The daily Die Welt has this comment today on the crisis in Kosovo: "Diplomats issue repeated warnings about a Kosovo war. (But in fact) it is already underway. What has so far occurred in Kosovo meets the criteria of a civil war --rebel fighters who control a minimum of land, have a constant supply of arms and are engaged in continual fighting." The paper also says: "Belgrade has been negotiating recently with the leaders of the (Kosovar) Albanians. (But) since these talks began, Serbian security forces have launched an offensive --or, rather, a massacre of civilians. Nobody can say whether this is a tactic or an abuse of the talks to facilitate undisturbed 'ethnic cleansing.' One thing is sure: the UN's recent promise to lift sanctions (against Serbia) was premature."

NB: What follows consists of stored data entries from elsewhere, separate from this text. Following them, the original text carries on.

(* Let $Z\in\mathbb R^{n\times d}$ ($d\ge n$) with $ZZ^\top$ nonsingular, let $\Sigma$ be symmetric with eigenvalues in $[1/\kappa,1]$, $X=Z\Sigma^{1/2}$, $\sigma>0$, and let $\rho\ge0$ satisfy $I-\frac\rho dZ^\top Z\succ0$. Then $$\mathcal P(A(\rho,\Sigma);\Sigma)-\mathcal P(A(0,\Sigma);\Sigma)\ge\frac{\rho^2\sigma^4}{d}\mathrm{Tr}\Big(\big(I-\tfrac\rho dZZ^\top\big)^{-2}\tfrac{ZZ^\top}{d}\big(\tfrac{ZZ^\top}{d}+\sigma^2I\big)^{-1}\Big),$$ $$\mathcal T(A(\rho,\Sigma);\Sigma)-\mathcal T(A(0,\Sigma);\Sigma)\le\frac{\kappa\sigma^4}{n}\mathrm{Tr}\Big(\big((I-\tfrac\rho dZZ^\top)^{-2}-I\big)\big(\tfrac1dZZ^\top+\kappa\sigma^2I\big)^{-1}\Big).$$
   Context: $\mathcal P(A;\Sigma):=\frac1d\|\Sigma^{1/2}(AX-I)\|_F^2+\sigma^2\|\Sigma^{1/2}A\|_F^2$, $\mathcal T(A;\Sigma):=\frac1{nd}\|XAX-X\|_F^2+\frac{\sigma^2}{n}\|XA-I\|_F^2$, and $A(\rho,\Sigma):=\big(I-\rho\sigma^2(\Sigma-\frac\rho dX^\top X)^{-1}\big)(X^\top X+d\sigma^2I)^{-1}X^\top$, defined when $\Sigma-\frac\rho dX^\top X\succ0$ (equivalently $I-\frac\rho dZ^\top Z\succ0$). *)

theory Defs
  imports "HOL-Analysis.Analysis"
begin

definition frob2 :: "real^'c^'r \<Rightarrow> real" where
  "frob2 M = (\<Sum>i\<in>UNIV. \<Sum>j\<in>UNIV. (M $ i $ j)^2)"

definition psd :: "real^'n^'n \<Rightarrow> bool" where
  "psd M \<longleftrightarrow> transpose M = M \<and> (\<forall>x. 0 \<le> x \<bullet> (M *v x))"

definition posdef :: "real^'n^'n \<Rightarrow> bool" where
  "posdef M \<longleftrightarrow> transpose M = M \<and> (\<forall>x. x \<noteq> 0 \<longrightarrow> 0 < x \<bullet> (M *v x))"

definition mat_eigenvalue :: "real^'n^'n \<Rightarrow> real \<Rightarrow> bool" where
  "mat_eigenvalue M l \<longleftrightarrow> (\<exists>v. v \<noteq> 0 \<and> M *v v = l *\<^sub>R v)"

definition matsqrt :: "real^'n^'n \<Rightarrow> real^'n^'n" where
  "matsqrt S = (THE R. psd R \<and> R ** R = S)"

definition calP :: "real \<Rightarrow> real^'d^'n \<Rightarrow> real^'d^'d \<Rightarrow> real^'n^'d \<Rightarrow> real" where
  "calP \<sigma> X S A =
     frob2 (matsqrt S ** (A ** X - mat 1)) / real CARD('d)
     + \<sigma>^2 * frob2 (matsqrt S ** A)"

text \<open>Training risk T(A;Sigma) (depends on Sigma only through X).\<close>
definition calT :: "real \<Rightarrow> real^'d^'n \<Rightarrow> real^'n^'d \<Rightarrow> real" where
  "calT \<sigma> X A =
     frob2 (X ** A ** X - X) / (real CARD('n) * real CARD('d))
     + \<sigma>^2 / real CARD('n) * frob2 (X ** A - mat 1)"

definition Arho :: "real \<Rightarrow> real \<Rightarrow> real^'d^'n \<Rightarrow> real^'d^'d \<Rightarrow> real^'n^'d" where
  "Arho \<sigma> \<rho> X S =
     (mat 1 - (\<rho> * \<sigma>^2) *\<^sub>R matrix_inv (S - (\<rho> / real CARD('d)) *\<^sub>R (transpose X ** X)))
     ** matrix_inv (transpose X ** X + (real CARD('d) * \<sigma>^2) *\<^sub>R mat 1)
     ** transpose X"

end

theory Submission
  imports Defs
begin

(* Write X = Z S^(1/2), Q = (X X^T + d sigma^2 I)^-1 and M = (I - rho/d Z Z^T)^-1.  Pushing Z and
   S^(1/2) through the inverses gives
     A(rho) = A(0) - rho sigma^2 S^(-1/2) (I - rho/d Z^T Z)^-1 Z^T Q,
     X A(rho) - I = - d sigma^2 M Q.
   As A(0) minimises the population risk, P(A(rho)) - P(A(0)) is a quadratic form in the deviation,
   equal to rho^2 sigma^4/d tr(M^2 Z Z^T Q), while T(A(rho)) = d sigma^4/n tr(M^2 Q).  The spectral
   bounds 1/kappa <= S <= 1 give Z Z^T/kappa <= X X^T <= Z Z^T in the Loewner order, hence after
   inversion two-sided bounds on Q; since M^2 - I and M^2 Z Z^T are positive semidefinite and
   tr(P A) is monotone in A for P >= 0, both inequalities follow. *)

lemma matrix_diff_ldistrib: "(A::real^'m^'n) ** (B - C) = A ** B - A ** C"
  by (simp add: matrix_matrix_mult_def vec_eq_iff sum_subtractf right_diff_distrib)

lemma matrix_add_rdistrib: "((B::real^'m^'n) + C) ** A = B ** A + C ** A"
  by (simp add: matrix_matrix_mult_def vec_eq_iff sum.distrib distrib_right)

lemma matrix_diff_rdistrib: "((B::real^'m^'n) - C) ** A = B ** A - C ** A"
  by (simp add: matrix_matrix_mult_def vec_eq_iff sum_subtractf left_diff_distrib)

lemma matrix_uminus_left: "(- (B::real^'m^'n)) ** A = - (B ** A)"
  by (simp add: matrix_matrix_mult_def vec_eq_iff sum_negf)

lemma matrix_uminus_right: "(A::real^'m^'n) ** (- B) = - (A ** B)"
  by (simp add: matrix_matrix_mult_def vec_eq_iff sum_negf)

lemma matrix_scaleR_left: "(k *\<^sub>R (A::real^'m^'n)) ** B = k *\<^sub>R (A ** B)"
  by (simp add: scalar_matrix_assoc)

lemma matrix_scaleR_right: "(A::real^'m^'n) ** (k *\<^sub>R B) = k *\<^sub>R (A ** B)"
  by (simp add: matrix_scalar_ac scalar_matrix_assoc)

lemma transpose_add: "transpose ((A::real^'m^'n) + B) = transpose A + transpose B"
  by (simp add: transpose_def vec_eq_iff)

lemma transpose_diff: "transpose ((A::real^'m^'n) - B) = transpose A - transpose B"
  by (simp add: transpose_def vec_eq_iff)

lemma transpose_uminus: "transpose (- (A::real^'m^'n)) = - transpose A"
  by (simp add: transpose_def vec_eq_iff)

lemmas matrix_ring_simps = matrix_mul_assoc matrix_add_ldistrib matrix_diff_ldistrib
  matrix_add_rdistrib matrix_diff_rdistrib matrix_uminus_left matrix_uminus_right
  matrix_scaleR_left matrix_scaleR_right matrix_transpose_mul
  transpose_add transpose_diff transpose_uminus transpose_scalar

lemma column_matrix_mult: "column j ((A::real^'m^'n) ** B) = A *v column j B"
  by (simp add: column_def matrix_matrix_mult_def matrix_vector_mult_def vec_eq_iff)

lemma inner_matrix_vector_transpose: "x \<bullet> ((U::real^'n^'m) *v w) = (transpose U *v x) \<bullet> w"
  by (simp add: dot_lmul_matrix)

lemma inner_symmetric_matrix:
  fixes A :: "real^'n^'n"
  assumes "transpose A = A"
  shows "(A *v x) \<bullet> y = x \<bullet> (A *v y)"
  by (metis assms dot_lmul_matrix transpose_matrix_vector)

lemma quadratic_form_transpose_mult:
  "x \<bullet> ((transpose A ** A) *v x) = (A *v x) \<bullet> (A *v (x::real^'m))"
  by (simp only: matrix_vector_mul_assoc[symmetric] inner_matrix_vector_transpose
      transpose_transpose)

lemma quadratic_form_conj:
  "x \<bullet> (((U::real^'n^'m) ** D ** transpose U) *v x)
    = (transpose U *v x) \<bullet> (D *v (transpose U *v x))"
  by (simp only: matrix_vector_mul_assoc[symmetric] inner_matrix_vector_transpose)

definition diag_mat :: "('n \<Rightarrow> real) \<Rightarrow> real^'n^'n" where
  "diag_mat l = (\<chi> i j. if i = j then l i else 0)"

lemma matrix_mult_diag_mat_nth: "((M::real^'n^'m) ** diag_mat l) $ i $ j = M $ i $ j * l j"
  by (simp add: matrix_matrix_mult_def diag_mat_def if_distrib if_distribR cong: if_cong)

lemma diag_mat_mult_nth: "(diag_mat l ** (M::real^'m^'n)) $ i $ j = l i * M $ i $ j"
  by (simp add: matrix_matrix_mult_def diag_mat_def if_distrib if_distribR cong: if_cong)

lemma diag_mat_mult_diag_mat: "diag_mat a ** diag_mat b = diag_mat (\<lambda>i. a i * b i)"
  by (simp add: vec_eq_iff matrix_mult_diag_mat_nth) (simp add: diag_mat_def)

lemma transpose_diag_mat: "transpose (diag_mat l) = diag_mat l"
  by (simp add: vec_eq_iff transpose_def diag_mat_def)

lemma quadratic_form_diag_mat: "x \<bullet> (diag_mat l *v x) = (\<Sum>i\<in>UNIV. l i * (x $ i)^2)"
  by (simp add: inner_vec_def matrix_vector_mult_def diag_mat_def if_distrib if_distribR
      power2_eq_square mult_ac cong: if_cong)

section \<open>Spectral theorem for symmetric matrices\<close>

lemma linear_coeff_zero_if_quadratic_nonpos:
  fixes a b :: real
  assumes "\<And>t. 2*t*a + t^2*b \<le> 0"
  shows "a = 0"
proof (rule ccontr)
  assume "a \<noteq> 0"
  define c where "c = \<bar>b\<bar> + 1"
  have c: "c > 0" "2*c + b > 0" unfolding c_def by auto
  have "(2*(a/c)*a + (a/c)^2*b) * c^2 \<le> 0"
    using assms[of "a/c"] by (intro mult_nonpos_nonneg) auto
  moreover have "(2*(a/c)*a + (a/c)^2*b) * c^2 = a^2 * (2*c + b)"
    using c by (simp add: field_simps power2_eq_square)
  ultimately have "a^2 * (2*c + b) \<le> 0" by simp
  thus False using c \<open>a \<noteq> 0\<close> by (simp add: mult_le_0_iff)
qed
lemma kc_OPT_ge_separation:
  assumes "finite C" "1 \<le> k" "k < card C"
    and sep: "\<And>x y. x \<in> C \<Longrightarrow> y \<in> C \<Longrightarrow> x \<noteq> y \<Longrightarrow> \<delta> \<le> d x y"
  shows "\<delta> \<le> kc_OPT C d k"
proof -
  have "C \<noteq> {}" using assms(3) by auto
  then obtain Opt where Opt: "Opt \<subseteq> C" "Opt \<noteq> {}" "card Opt \<le> k" "kc_OPT C d k = kc_cost C d Opt"
    using kc_OPT_attained[OF assms(1) _ assms(2)] by blast
  have fin: "finite Opt" using Opt(1) assms(1) finite_subset by blast
  have "\<not> C \<subseteq> Opt"
  proof
    assume "C \<subseteq> Opt"
    then have "card C \<le> card Opt" by (rule card_mono[OF fin])
    then show False using Opt(3) assms(3) by linarith
  qed
  then obtain c where c: "c \<in> C" "c \<notin> Opt" by blast
  then have "\<delta> \<le> d c x" if "x \<in> Opt" for x using sep[of c x] that Opt(1) by blast
  then have "\<delta> \<le> kc_cost C d Opt" using kc_cost_geI[OF assms(1) c(1) fin Opt(2)] by blast
  then show ?thesis using Opt(4) by simp
qed

section \<open>Reverse greedy steps and the upper bound\<close>

definition greedy_step :: "'a set \<Rightarrow> ('a \<Rightarrow> 'a \<Rightarrow> real) \<Rightarrow> 'a set \<Rightarrow> 'a set \<Rightarrow> bool" where
  "greedy_step C d F F' \<longleftrightarrow>
     (\<exists>f\<in>F. F' = F - {f} \<and> (\<forall>g\<in>F. kc_cost C d (F - {f}) \<le> kc_cost C d (F - {g})))"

DERNIERES NOUVELLES D'ALSACE: Montenegro now has an unexpected chance

Turning to Milosevic's problems, the French regional newspaper Dernieres nouvelles d'Alsace yesterday assessed Sunday's election in Montenegro which, together with Serbia, is one the two republics making up rump Yugoslavia. In an editorial, the paper wrote: "The Karst mountains (in Montenegro) are carpeted with gorgeous spring flowers. But those who watched what unfolded (Sunday) in Montenegro saw an altogether different symbol of beauty and fragility. It was named hope and symbolized democracy: The pro-Western party of the young President of this partner republic, Milo Djukanovic, won the parliamentary election." The paper said that Djukanovic triumphed "against the puppet (candidate) of his master in Belgrade, Milosevic, and against archaic and hate-filled nationalism, the heir to communism." It concluded: "This Balkan republic now has an unexpected chance to win back its hereditary place in the community of nations."